Losing one jerk is not a big deal. Not being able to tell who the jerk is a
problem.

* As a contributor, All I Care About is my patch

This might not be true for the major contributors, but one thing I've
witnessed triaging Trac is that this should be considered a rule, if it
isn't already. When there were 3 active lead developers and the patch load
was heavy and personal features were being worked on, many patches went
stale. Many original patch contributors moved on after several weeks or
months.

In a project where there are possibility 2 contributors for every 1 that
leaves (a hyperbole by the way, it is more or less closer to 1.05 to 1.25),
meh, it doesn't matter. One leaves and another replaces. That is part of
what makes WordPress.org great.

* I Should Never Have to Beg

If this needs an explanation, then you fail.

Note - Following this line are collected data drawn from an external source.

lemma mean_length_by_slices:
  fixes f :: "'a list \<Rightarrow> real"
  assumes finite: "\<And>k. finite {w\<in>S. length w = k}"
    and nonneg: "\<And>w. w \<in> S \<Longrightarrow> 0 \<le> f w"
    and mass: "(\<lambda>k. sum f {w\<in>S. length w = k}) sums z"
    and moment: "(\<lambda>k. real k * sum f {w\<in>S. length w = k}) sums m"
  shows "(\<Sum>\<^sub>\<infinity>w\<in>S. real (length w) * (f w / (\<Sum>\<^sub>\<infinity>v\<in>S. f v))) = m / z"
proof -
  have "(\<Sum>\<^sub>\<infinity>v\<in>S. f v) = z"
    by (intro infsumI has_sum_by_length[OF finite nonneg mass])
  moreover have "((\<lambda>w. real (length w) * f w) has_sum m) S"
    using nonneg moment by (intro has_sum_by_length[OF finite]) (auto simp: sum_distrib_left)
  then have "((\<lambda>w. real (length w) * (f w / z)) has_sum (m / z)) S"
    using has_sum_cmult_right[where c = "1 / z"] by (simp add: field_simps)
  ultimately show ?thesis
    by (simp add: infsumI)
qed

lemma geometric_sums_Suc:
  fixes r :: real
  assumes "\<bar>r\<bar> < 1"
  shows "(\<lambda>n. r ^ Suc n) sums (r / (1 - r))"
  using sums_mult[OF geometric_sums[of r], of r] assms by simp

lemma weighted_geometric_sums:
  fixes r :: real
  assumes "\<bar>r\<bar> < 1"
  shows "(\<lambda>n. real n * r ^ n) sums (r / (1 - r)^2)"
proof -
  have "(\<lambda>n. r * (real (Suc n) * r ^ n)) sums (r * (1 / (1 - r)^2))"
    using assms by (intro sums_mult geometric_deriv_sums) auto
  then have "(\<lambda>n. real (Suc n) * r ^ Suc n) sums (r / (1 - r)^2)"
    by (simp add: algebra_simps)
  then show ?thesis
    using sums_Suc_iff[of "\<lambda>n. real n * r ^ n"] by simp
qed

lemma geometric_ratio_identities:
  fixes c v :: real
  assumes "0 \<le> c" "2 * c < v"
  shows "\<bar>c / (v - c)\<bar> < 1" "c / (v - c) / (1 - c / (v - c)) = c / (v - 2 * c)"
    "c / (v - c) / (1 - c / (v - c))^2 = c / (v - 2 * c) * (1 + c / (v - 2 * c))"
proof -
  have pos: "0 < v - c" "0 < v - 2 * c"
    using assms by linarith+
  have one_minus: "1 - c / (v - c) = (v - 2 * c) / (v - c)"
    using pos by (simp add: diff_divide_eq_iff)
  show "\<bar>c / (v - c)\<bar> < 1"
    using assms pos by simp
  show "c / (v - c) / (1 - c / (v - c)) = c / (v - 2 * c)"
    using pos by (simp add: one_minus)
  show "c / (v - c) / (1 - c / (v - c))^2 = c / (v - 2 * c) * (1 + c / (v - 2 * c))"
  proof -
    have "1 + c / (v - 2 * c) = (v - c) / (v - 2 * c)"
      using pos by (simp add: add_divide_eq_iff)
    then show ?thesis
      using pos by (simp add: one_minus power2_eq_square)
  qed
qed

lemma sum_prod_lists_length_eq:
  fixes f :: "'a \<Rightarrow> 'b::comm_semiring_1"
  assumes "finite A"
  shows "(\<Sum>w | set w \<subseteq> A \<and> length w = k. \<Prod>i<k. f (w ! i)) = (\<Sum>x\<in>A. f x) ^ k"
proof (induction k)
  case 0
  have "{w. set w \<subseteq> A \<and> length w = 0} = {[]}" by auto
  then show ?case by simp
next
  case (Suc k)
  let ?W = "{w. set w \<subseteq> A \<and> length w = k}"
  have "(\<Sum>w | set w \<subseteq> A \<and> length w = Suc k. \<Prod>i<Suc k. f (w ! i))
      = (\<Sum>(w, x) \<in> ?W \<times> A. \<Prod>i<Suc k. f ((x # w) ! i))"
    by (rule sum.reindex_cong[OF inj_split_Cons lists_length_Suc_eq]) auto
  also have "\<dots> = (\<Sum>w\<in>?W. \<Sum>x\<in>A. (\<Prod>i<k. f (w ! i)) * f x)"
    by (simp add: sum.cartesian_product prod.lessThan_Suc_shift mult.commute del: prod.lessThan_Suc)
  also have "\<dots> = (\<Sum>w\<in>?W. \<Prod>i<k. f (w ! i)) * (\<Sum>x\<in>A. f x)"
    by (rule sum_product[symmetric])
  also have "\<dots> = (\<Sum>x\<in>A. f x) ^ Suc k"
    by (simp add: Suc mult.commute)
  finally show ?case .
qed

The only time I should need to follow-up on a patch or ticket, is when there
is feedback saying that the patch doesn't work or isn't commit ready with
some reason why.


Jacob Santos

PS: I have been wanting to write this for a long time, but I always feel
that I'm off-base doing so. My experiences surely is not representative of
the whole? However, what might have been a minor problem years ago, has in
my opinion escalated. I have seen others give up being a contributor and
seen the reasons behind it.

I know Jane Wells means well and I believe she is coming at this from a
corporate point-of-view. However, I'm surprised at the corporate attitudes.
Is this a community project and if so, then meritocracy should not be part
of it or at least have a concise definition for WordPress Foundation.

PSS: It appears being part of the meritocracy does not include dissent and
being a jerk (if even a little), so if you fall into either one of those
categories, then you need not apply.